In the event that securities lending activity is undertaken through
its London office, State Street becomes subject to additional regulation in the
UK, and State Street is obliged to notify the you of the following matters:
i. State Street shall make available to you established procedures in
accordance with the requirements of the Securities and Futures
Authority for the effective consideration of complaints concerning
State Street's activities carried on in the UK.

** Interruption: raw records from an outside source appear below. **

(* In the setting below, the sequence $n\mapsto f(\hat x_n)$ is stationary, i.e. constant from some index on.
   Context: Let $x_1,\dots,x_N\in\mathbb{R}^q$ and let $d:\mathbb{R}^q\times\mathbb{R}^q\to\mathbb{R}_{\ge0}$ be a function such that for every $J\subseteq\{1,\dots,N\}$, $x\mapsto\sum_{i\in J}d(x,x_i)$ attains its minimum. Let $\mu$ be a choice function with $\mu(J)\in\operatorname{argmin}_x\sum_{i\in J}d(x,x_i)$ for each $J$. Let $\hat x_0\in\mathbb{R}^q$ and define $C_n=\{i: d(\hat x_n,x_i)<1\}$, $\hat x_{n+1}=\mu(C_n)$. Let $f(x)=\sum_{i=1}^N\max(1-d(x,x_i),0)$. *)

theory Defs
  imports "HOL-Analysis.Analysis"
begin

end

theory Submission
  imports Defs
begin

text \<open>
  The density f(y) equals the gain \<Sum>i\<in>C. 1 - d(y, x_i) of the cluster C of indices with
  d(y, x_i) < 1. Moving y to the minimiser \<mu>(C) can only increase this gain, and the gain of
  C at \<mu>(C) is in turn bounded by the density at \<mu>(C). Hence f(x_n) \<le> g(C_n) \<le> f(x_(n+1)),
  where g(J) is the gain of J at \<mu>(J). As g takes only finitely many values (one for each
  J \<subseteq> {1..N}), the two interleaved increasing sequences become constant.
\<close>

lemma interleaved_finite_range_eventually_const:
  fixes f g :: "nat \<Rightarrow> 'a::linorder"
  assumes f_le_g: "\<And>n. f n \<le> g n" and g_le_f: "\<And>n. g n \<le> f (Suc n)"
    and fin: "finite (range g)"
  shows "\<exists>n0. \<forall>n\<ge>n0. f n = f n0"
proof -
  have "incseq g"
    by (rule incseq_SucI) (rule order_trans[OF g_le_f f_le_g])
  obtain m where m: "g m = Max (range g)"
    using Max_in[OF fin] by auto
  have f_eq: "f n = g m" if "n \<ge> Suc m" for n
  proof (rule antisym)
    have "g n \<le> g m"
      unfolding m using fin by (rule Max_ge) simp
    with f_le_g show "f n \<le> g m"
      by (rule order_trans)
    have "g m \<le> g (n - 1)"
      using \<open>incseq g\<close> that by (simp add: incseq_def)
    also have "\<dots> \<le> f n"
      using g_le_f[of "n - 1"] that by simp
    finally show "g m \<le> f n" .
  qed
  show ?thesis
    by (rule exI[of _ "Suc m"]) (simp add: f_eq)
qed

locale mean_shift =
  fixes N :: nat
    and x :: "nat \<Rightarrow> 'a"
    and d :: "'a \<Rightarrow> 'a \<Rightarrow> real"
    and \<mu> :: "nat set \<Rightarrow> 'a"
  assumes mu_min: "\<And>J z. J \<subseteq> {1..N} \<Longrightarrow> (\<Sum>i\<in>J. d (\<mu> J) (x i)) \<le> (\<Sum>i\<in>J. d z (x i))"
begin

definition kernel_density :: "'a \<Rightarrow> real"
  where "kernel_density y = (\<Sum>i=1..N. max (1 - d y (x i)) 0)"

definition cluster :: "'a \<Rightarrow> nat set"
  where "cluster y = {i \<in> {1..N}. d y (x i) < 1}"

definition gain :: "nat set \<Rightarrow> 'a \<Rightarrow> real"
  where "gain J y = (\<Sum>i\<in>J. 1 - d y (x i))"

lemma cluster_subset: "cluster y \<subseteq> {1..N}"
  unfolding cluster_def by auto

lemma kernel_density_eq_gain_cluster: "kernel_density y = gain (cluster y) y"
proof -
  have "gain (cluster y) y = (\<Sum>i=1..N. if d y (x i) < 1 then 1 - d y (x i) else 0)"
    unfolding gain_def cluster_def by (rule sum.inter_filter) simp
  also have "\<dots> = kernel_density y"
    unfolding kernel_density_def by (intro sum.cong) auto
  finally show ?thesis by simp
qed

lemma gain_le_kernel_density:
  assumes "J \<subseteq> {1..N}"
  shows "gain J y \<le> kernel_density y"
proof -
  have "gain J y \<le> (\<Sum>i\<in>J. max (1 - d y (x i)) 0)"
    unfolding gain_def by (intro sum_mono) auto
  also have "\<dots> \<le> kernel_density y"
    unfolding kernel_density_def using assms by (intro sum_mono2) auto
  finally show ?thesis .
qed

lemma gain_le_gain_mu:
  assumes "J \<subseteq> {1..N}"
  shows "gain J y \<le> gain J (\<mu> J)"
  using mu_min[OF assms, of y] by (simp add: gain_def sum_subtractf)

lemma kernel_density_le_gain_mu_cluster: "kernel_density y \<le> gain (cluster y) (\<mu> (cluster y))"
  using gain_le_gain_mu[OF cluster_subset] by (simp add: kernel_density_eq_gain_cluster)

lemma finite_range_gain_mu:
  "finite (range (\<lambda>n. gain (C n) (\<mu> (C n))))" if "\<And>n. C n \<subseteq> {1..N}"
proof (rule finite_subset)
  show "range (\<lambda>n. gain (C n) (\<mu> (C n))) \<subseteq> (\<lambda>J. gain J (\<mu> J)) ` Pow {1..N}"
    by (intro image_subsetI image_eqI[OF refl] PowI that)
qed simp

theorem kernel_density_iteration_eventually_const:
  assumes step: "\<And>n. xh (Suc n) = \<mu> (cluster (xh n))"
  shows "\<exists>n0. \<forall>n\<ge>n0. kernel_density (xh n) = kernel_density (xh n0)"
proof -
  let ?g = "\<lambda>n. gain (cluster (xh n)) (\<mu> (cluster (xh n)))"
  have "kernel_density (xh n) \<le> ?g n" for n
    by (rule kernel_density_le_gain_mu_cluster)
  moreover have "?g n \<le> kernel_density (xh (Suc n))" for n
    unfolding step by (rule gain_le_kernel_density[OF cluster_subset])
  moreover have "finite (range ?g)"
    by (rule finite_range_gain_mu[of "\<lambda>n. cluster (xh n)", OF cluster_subset])
  ultimately show ?thesis
    by (rule interleaved_finite_range_eventually_const[where f = "\<lambda>n. kernel_density (xh n)" and g = ?g])
qed

end

theorem proposition2:
  fixes N :: nat
    and x :: "nat \<Rightarrow> real ^ 'q"
    and d :: "real ^ 'q \<Rightarrow> real ^ 'q \<Rightarrow> real"
    and \<mu> :: "nat set \<Rightarrow> real ^ 'q"
    and xh :: "nat \<Rightarrow> real ^ 'q"
  assumes d_nonneg: "\<And>a b. d a b \<ge> 0"
    and min_exists: "\<And>J. J \<subseteq> {1..N} \<Longrightarrow>
           \<exists>y. \<forall>z. (\<Sum>i\<in>J. d y (x i)) \<le> (\<Sum>i\<in>J. d z (x i))"
    and mu_min: "\<And>J z. J \<subseteq> {1..N} \<Longrightarrow>
           (\<Sum>i\<in>J. d (\<mu> J) (x i)) \<le> (\<Sum>i\<in>J. d z (x i))"
    and step: "\<And>n. xh (Suc n) = \<mu> {i \<in> {1..N}. d (xh n) (x i) < 1}"
  shows "\<exists>n0. \<forall>n\<ge>n0.
           (\<Sum>i=1..N. max (1 - d (xh n) (x i)) 0) = (\<Sum>i=1..N. max (1 - d (xh n0) (x i)) 0)"
proof -
  interpret mean_shift N x d \<mu>
    using mu_min by unfold_locales
  have "xh (Suc n) = \<mu> (cluster (xh n))" for n
    unfolding cluster_def by (rule step)
  from kernel_density_iteration_eventually_const[of xh, OF this]
  show ?thesis
    unfolding kernel_density_def .
qed

end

ii. Where a liability in one currency is to be matched by an asset in a
different currency, or where an investment transaction relates to an
investment denominated in a currency other than sterling, a movement
of exchange rates may have a separate effect, favorable or
unfavorable, on the gain or loss which would otherwise be experienced
on the investment.
iii. State Street or an affiliate may have an interest that is material to
the investment or transaction concerned and neither State Street nor
any such affiliate shall be obliged to disclose such interest or
account to you for any profits or benefits made or derived by it or
any of its associates from any such transaction.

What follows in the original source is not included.